### Provided records:
lemma linear_graph_subspace_line:
  assumes M: "subspace M" and v: "v \<notin> M"
  shows "linear_graph {(m + t *\<^sub>R v, t) | m t. m \<in> M}" (is "linear_graph ?G")
  unfolding linear_graph_def
proof (intro conjI allI impI)
  have unique: "t1 = t2" if "m1 + t1 *\<^sub>R v = m2 + t2 *\<^sub>R v" "m1 \<in> M" "m2 \<in> M" for m1 m2 t1 t2
  proof (rule ccontr)
    assume ne: "t1 \<noteq> t2"
    have "m2 - m1 = (t1 - t2) *\<^sub>R v" using that(1) by (simp add: algebra_simps)
    then have "v = (1 / (t1 - t2)) *\<^sub>R (m2 - m1)" using ne by simp
    then show False using v M that(2,3) by (metis subspace_diff subspace_scale)
  qed
  fix x a b assume "(x, a) \<in> ?G" "(x, b) \<in> ?G"
  then show "a = b" using unique by auto
next
  fix x a y b assume "(x, a) \<in> ?G" "(y, b) \<in> ?G"
  then obtain m1 m2 where "x = m1 + a *\<^sub>R v" "y = m2 + b *\<^sub>R v" "m1 \<in> M" "m2 \<in> M" by auto
  then have "x + y = (m1 + m2) + (a + b) *\<^sub>R v" "m1 + m2 \<in> M"
    using subspace_add[OF M] by (auto simp: algebra_simps)
  then show "(x + y, a + b) \<in> ?G" by blast
next
  fix x a r assume "(x, a) \<in> ?G"
  then obtain m where "x = m + a *\<^sub>R v" "m \<in> M" by auto
  then have "r *\<^sub>R x = r *\<^sub>R m + (r * a) *\<^sub>R v" "r *\<^sub>R m \<in> M"
    using subspace_scale[OF M] by (auto simp: algebra_simps)
  then show "(r *\<^sub>R x, r * a) \<in> ?G" by blast
qed

lemma hahn_banach_separation:
  fixes M :: "'a::real_normed_vector set"
  assumes M: "subspace M" "closed M" and v: "v \<notin> M"
  shows "\<exists>u::'a \<Rightarrow> real. bounded_linear u \<and> (\<forall>m\<in>M. u m = 0) \<and> u v = 1"
proof -
  define d where "d = infdist v M"
  have d: "d > 0"
    unfolding d_def using infdist_pos_not_in_closed[OF M(2) _ v] subspace_0[OF M(1)] by auto
  define G0 where "G0 = {(m + t *\<^sub>R v, t) | m t. m \<in> M}"
  have bound: "a \<le> 1 / d * norm (m + a *\<^sub>R v)" if m: "m \<in> M" for m a
  proof (cases "a > 0")
    case False then show ?thesis using d by (smt (verit) norm_ge_zero divide_nonneg_nonneg mult_nonneg_nonneg)
  next
    case True
    have "d \<le> dist v ((- (1 / a)) *\<^sub>R m)"
      unfolding d_def using subspace_scale[OF M(1) m] by (rule infdist_le)
    also have "\<dots> = norm ((1 / a) *\<^sub>R (m + a *\<^sub>R v))"
      using True by (simp add: dist_norm algebra_simps)
    also have "\<dots> = norm (m + a *\<^sub>R v) / a"
      using True by simp
    finally show ?thesis using d True by (simp add: field_simps)
  qed
  have "linear_graph G0" unfolding G0_def using linear_graph_subspace_line[OF M(1) v] .
  moreover have "norm_dominated (1 / d) G0" unfolding norm_dominated_def G0_def using bound by auto
  moreover have "G0 \<noteq> {}" using subspace_0[OF M(1)] unfolding G0_def by blast
  ultimately obtain G where G: "G0 \<subseteq> G" "linear_graph G" "norm_dominated (1 / d) G" "Domain G = UNIV"
    using dominated_linear_graph_total[of G0 "1 / d"] d by auto
  then obtain u where u: "bounded_linear u" "\<forall>(x, a) \<in> G. u x = a"
    using linear_graph_bounded_linear by blast
  have uG0: "u x = a" if "(x, a) \<in> G0" for x a using u(2) G(1) that by auto
  show ?thesis
  proof (intro exI conjI ballI)
    show "u m = 0" if "m \<in> M" for m using uG0[of m 0] that unfolding G0_def by force
    show "u v = 1" using uG0[of v 1] subspace_0[OF M(1)] unfolding G0_def by force
  qed (fact u(1))
qed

### What the task asks:
The full set of records above is to be printed again verbatim.

### Result of the task:
lemma linear_graph_subspace_line:
  assumes M: "subspace M" and v: "v \<notin> M"
  shows "linear_graph {(m + t *\<^sub>R v, t) | m t. m \<in> M}" (is "linear_graph ?G")
  unfolding linear_graph_def
proof (intro conjI allI impI)
  have unique: "t1 = t2" if "m1 + t1 *\<^sub>R v = m2 + t2 *\<^sub>R v" "m1 \<in> M" "m2 \<in> M" for m1 m2 t1 t2
  proof (rule ccontr)
    assume ne: "t1 \<noteq> t2"
    have "m2 - m1 = (t1 - t2) *\<^sub>R v" using that(1) by (simp add: algebra_simps)
    then have "v = (1 / (t1 - t2)) *\<^sub>R (m2 - m1)" using ne by simp
    then show False using v M that(2,3) by (metis subspace_diff subspace_scale)
  qed
  fix x a b assume "(x, a) \<in> ?G" "(x, b) \<in> ?G"
  then show "a = b" using unique by auto
next
  fix x a y b assume "(x, a) \<in> ?G" "(y, b) \<in> ?G"
  then obtain m1 m2 where "x = m1 + a *\<^sub>R v" "y = m2 + b *\<^sub>R v" "m1 \<in> M" "m2 \<in> M" by auto
  then have "x + y = (m1 + m2) + (a + b) *\<^sub>R v" "m1 + m2 \<in> M"
    using subspace_add[OF M] by (auto simp: algebra_simps)
  then show "(x + y, a + b) \<in> ?G" by blast
next
  fix x a r assume "(x, a) \<in> ?G"
  then obtain m where "x = m + a *\<^sub>R v" "m \<in> M" by auto
  then have "r *\<^sub>R x = r *\<^sub>R m + (r * a) *\<^sub>R v" "r *\<^sub>R m \<in> M"
    using subspace_scale[OF M] by (auto simp: algebra_simps)
  then show "(r *\<^sub>R x, r * a) \<in> ?G" by blast
qed

lemma hahn_banach_separation:
  fixes M :: "'a::real_normed_vector set"
  assumes M: "subspace M" "closed M" and v: "v \<notin> M"
  shows "\<exists>u::'a \<Rightarrow> real. bounded_linear u \<and> (\<forall>m\<in>M. u m = 0) \<and> u v = 1"
proof -
  define d where "d = infdist v M"
  have d: "d > 0"
    unfolding d_def using infdist_pos_not_in_closed[OF M(2) _ v] subspace_0[OF M(1)] by auto
  define G0 where "G0 = {(m + t *\<^sub>R v, t) | m t. m \<in> M}"
  have bound: "a \<le> 1 / d * norm (m + a *\<^sub>R v)" if m: "m \<in> M" for m a
  proof (cases "a > 0")
    case False then show ?thesis using d by (smt (verit) norm_ge_zero divide_nonneg_nonneg mult_nonneg_nonneg)
  next
    case True
    have "d \<le> dist v ((- (1 / a)) *\<^sub>R m)"
      unfolding d_def using subspace_scale[OF M(1) m] by (rule infdist_le)
    also have "\<dots> = norm ((1 / a) *\<^sub>R (m + a *\<^sub>R v))"
      using True by (simp add: dist_norm algebra_simps)
    also have "\<dots> = norm (m + a *\<^sub>R v) / a"
      using True by simp
    finally show ?thesis using d True by (simp add: field_simps)
  qed
  have "linear_graph G0" unfolding G0_def using linear_graph_subspace_line[OF M(1) v] .
  moreover have "norm_dominated (1 / d) G0" unfolding norm_dominated_def G0_def using bound by auto
  moreover have "G0 \<noteq> {}" using subspace_0[OF M(1)] unfolding G0_def by blast
  ultimately obtain G where G: "G0 \<subseteq> G" "linear_graph G" "norm_dominated (1 / d) G" "Domain G = UNIV"
    using dominated_linear_graph_total[of G0 "1 / d"] d by auto
  then obtain u where u: "bounded_linear u" "\<forall>(x, a) \<in> G. u x = a"
    using linear_graph_bounded_linear by blast
  have uG0: "u x = a" if "(x, a) \<in> G0" for x a using u(2) G(1) that by auto
  show ?thesis
  proof (intro exI conjI ballI)
    show "u m = 0" if "m \<in> M" for m using uG0[of m 0] that unfolding G0_def by force
    show "u v = 1" using uG0[of v 1] subspace_0[OF M(1)] unfolding G0_def by force
  qed (fact u(1))
qed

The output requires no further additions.